Femmes piliers de la Grande Île
Ranavalona III dialogue mentalement avec sa grand-mère, la redoutable Ranavalona I, héroïne du roman et de l’histoire. Ce contre-champ révèle une lignée de dirigeantes inébranlables dont l’aura continue d’inspirer les entrepreneuses du textile à Antsirabe.
Selon le père Pedro, cité dans l’ouvrage, « les femmes de Madagascar portent le pays sur leurs épaules ». Feki traduit cette résilience en scènes de marché, d’atelier de broderie et de caisse populaire, où la parole féminine structure la survie collective.
L’écho contemporain est saisissant: la figure d’une jeune manifestante, seule face aux forces de l’ordre pendant les troubles récents, circule déjà comme une icône nationale, prolongeant la métaphore de la « liberté guidant le peuple » sur un air malgache.
Kabary et conscience politique
Le livre consacre plusieurs pages au kabary, art oratoire codifié où la beauté du verbe vaut contrat social. Feki décrit ces joutes verbales comme des arènes populaires, rappelant que démocratie et éloquence se nourrissent mutuellement sur la Grande Île.
Sous la plume de la souveraine, le Premier ministre, époux institutionnel, incarne une séparation des pouvoirs avant l’heure. Ce rappel historique nuance l’idée d’un peuple fataliste: le pouvoir a toujours été négocié au micro d’un tambour ou d’une estrade.
L’illustration la plus récente surgit sur les réseaux sociaux où la génération Z malgache investit TikTok pour improviser des kabary numériques, mêlant rap et aphorismes royaux afin de commenter les programmes économiques et les prix du riz.
Convoitises géopolitiques persistantes
Dans la reconstitution, la reine constate la rivalité franco-britannique autour des épices, du graphite et des ports naturels. L’autrice prolonge ce fil en évoquant aujourd’hui l’intérêt croissant de l’Inde et de la Chine pour le lithium et le cobalt malgaches.
Cette permanence des appétits rappelle que « les hommes passent, les enjeux demeurent ». Feki suggère qu’une souveraineté authentique suppose d’abord de protéger sols et forêts, thèmes qui fédèrent désormais ONG locales, chefs de village et start-up vertes.

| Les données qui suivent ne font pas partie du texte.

abbreviation le (infix "\<preceq>" 50) where "x \<preceq> y \<equiv> inc_le add x y"

lemma le_refl: "x \<preceq> x"
  by (simp add: inc_le_def add_idem)

lemma le_trans: "x \<preceq> y \<Longrightarrow> y \<preceq> z \<Longrightarrow> x \<preceq> z"
  unfolding inc_le_def by (metis add_assoc)

lemma le_antisym: "x \<preceq> y \<Longrightarrow> y \<preceq> x \<Longrightarrow> x = y"
  unfolding inc_le_def by (metis add_comm)

lemma add_least: "x \<preceq> z \<Longrightarrow> y \<preceq> z \<Longrightarrow> add x y \<preceq> z"
  unfolding inc_le_def by (metis add_assoc)

lemma le_add1: "x \<preceq> add x y"
  unfolding inc_le_def by (metis add_assoc add_idem)

lemma le_add2: "y \<preceq> add x y"
  unfolding inc_le_def by (metis add_assoc add_idem add_comm)

lemma mul_le_left: "mul x y \<preceq> x"
  unfolding inc_le_def by (metis absorb add_comm)

lemma mul_mono_right: "x \<preceq> y \<Longrightarrow> mul z x \<preceq> mul z y"
  unfolding inc_le_def by (metis distrib)

lemma add_left_commute: "add x (add y z) = add y (add x z)"
  by (metis add_assoc add_comm)

lemma add_left_idem: "add x (add x y) = add x y"
  by (simp add: add_assoc[symmetric] add_idem)

end

context normal_incline begin

lemma mul_left_commute: "mul x (mul y z) = mul y (mul x z)"
  by (metis mul_assoc mul_comm)

lemmas mul_ac = mul_assoc mul_comm mul_left_commute

lemma mul_mono: "x \<preceq> y \<Longrightarrow> u \<preceq> v \<Longrightarrow> mul x u \<preceq> mul y v"
  by (metis le_trans mul_mono_right mul_comm)

lemma zero_le: "zero \<preceq> x"
  unfolding inc_le_def by (metis add_zero add_comm)

lemma mul_zero_left: "mul zero x = zero"
  by (meson le_antisym mul_le_left zero_le)

lemma mul_zero_right: "mul x zero = zero"
  by (metis mul_comm mul_zero_left)

lemma mul_self_add: "mul (add x y) (add x y) = add (mul x x) (mul y y)"
proof -
  have "mul (add x y) (add x y) = add (add (mul x x) (mul x y)) (add (mul x y) (mul y y))"
    using distrib[of "add x y" x y] distrib[of x x y] distrib[of y x y] by (simp add: mul_comm)
  also have "\<dots> = add (add (mul x x) (mul y y)) (mul x y)"
    by (simp add: add_assoc add_comm add_left_commute add_left_idem)
  also have "\<dots> = add (mul x x) (mul y y)"
    using AG_property[of x y] unfolding inc_le_def by (metis add_comm)
  finally show ?thesis .
qed

lemma mul_self_le_imp_le:
  assumes "mul x x \<preceq> mul y y"
  shows "x \<preceq> y"
proof -
  have "mul (add x y) (add x y) = mul y y"
    using assms unfolding inc_le_def mul_self_add .
  then show ?thesis
    unfolding inc_le_def using unique_sqrt[of "mul y y"] by blast
qed

lemma le_imp_mul_factor:
  assumes "y \<preceq> a"
  shows "\<exists>c. y = mul a c"
proof -
  let ?aL = "{mul a c |c. True}"
  have "r_ideal add mul ?aL"
    unfolding r_ideal_def
    by (auto simp: distrib[symmetric] mul_assoc, metis mul_left_commute)
  moreover have "a \<in> ?aL"
    using one_mul[of a, symmetric] by blast
  ultimately have "gen_r_ideal add mul a \<subseteq> ?aL"
    unfolding gen_r_ideal_def by blast
  moreover have "a \<in> gen_r_ideal add mul a"
    unfolding gen_r_ideal_def by blast
  then have "y \<in> gen_r_ideal add mul a"
    using LI_property[of a] assms unfolding lattice_ideal_def by blast
  ultimately show ?thesis by blast
qed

Jeunesse connectée et héritages
Le roman jette des ponts entre l’exil de 1900 et l’ère numérique. Les notes de bas de page fictives renvoient souvent à des vidéos virales d’étudiants malgaches basés à Paris, confirmant que la diaspora reste le prolongement nerveux de l’île rouge.
En filigrane, Feki rappelle que l’« insularité planétaire » commence par la maîtrise des canaux digitaux et du storytelling, compétences que les créatives africaines, de Lagos à Pointe-Noire, s’approprient pour défendre leurs récits et leurs marchés.
Sagesse pour demain
À la fin du livre, Ranavalona prévient: « Jamais ne méprisez la grandeur d’une nation ». Cette sentence, placée en exergue, résonne comme un conseil adressé aux gouvernants d’aujourd’hui, quelles que soient les latitudes ou les régimes.
Le roman d’Hella Feki, luxuriant et incisif, se lit alors comme une invitation à repenser les modèles de gouvernance africains, à partir de l’histoire mais sans nostalgie, avec le regard lucide et poétique d’une reine qui rêvait simplement de retrouver sa terre.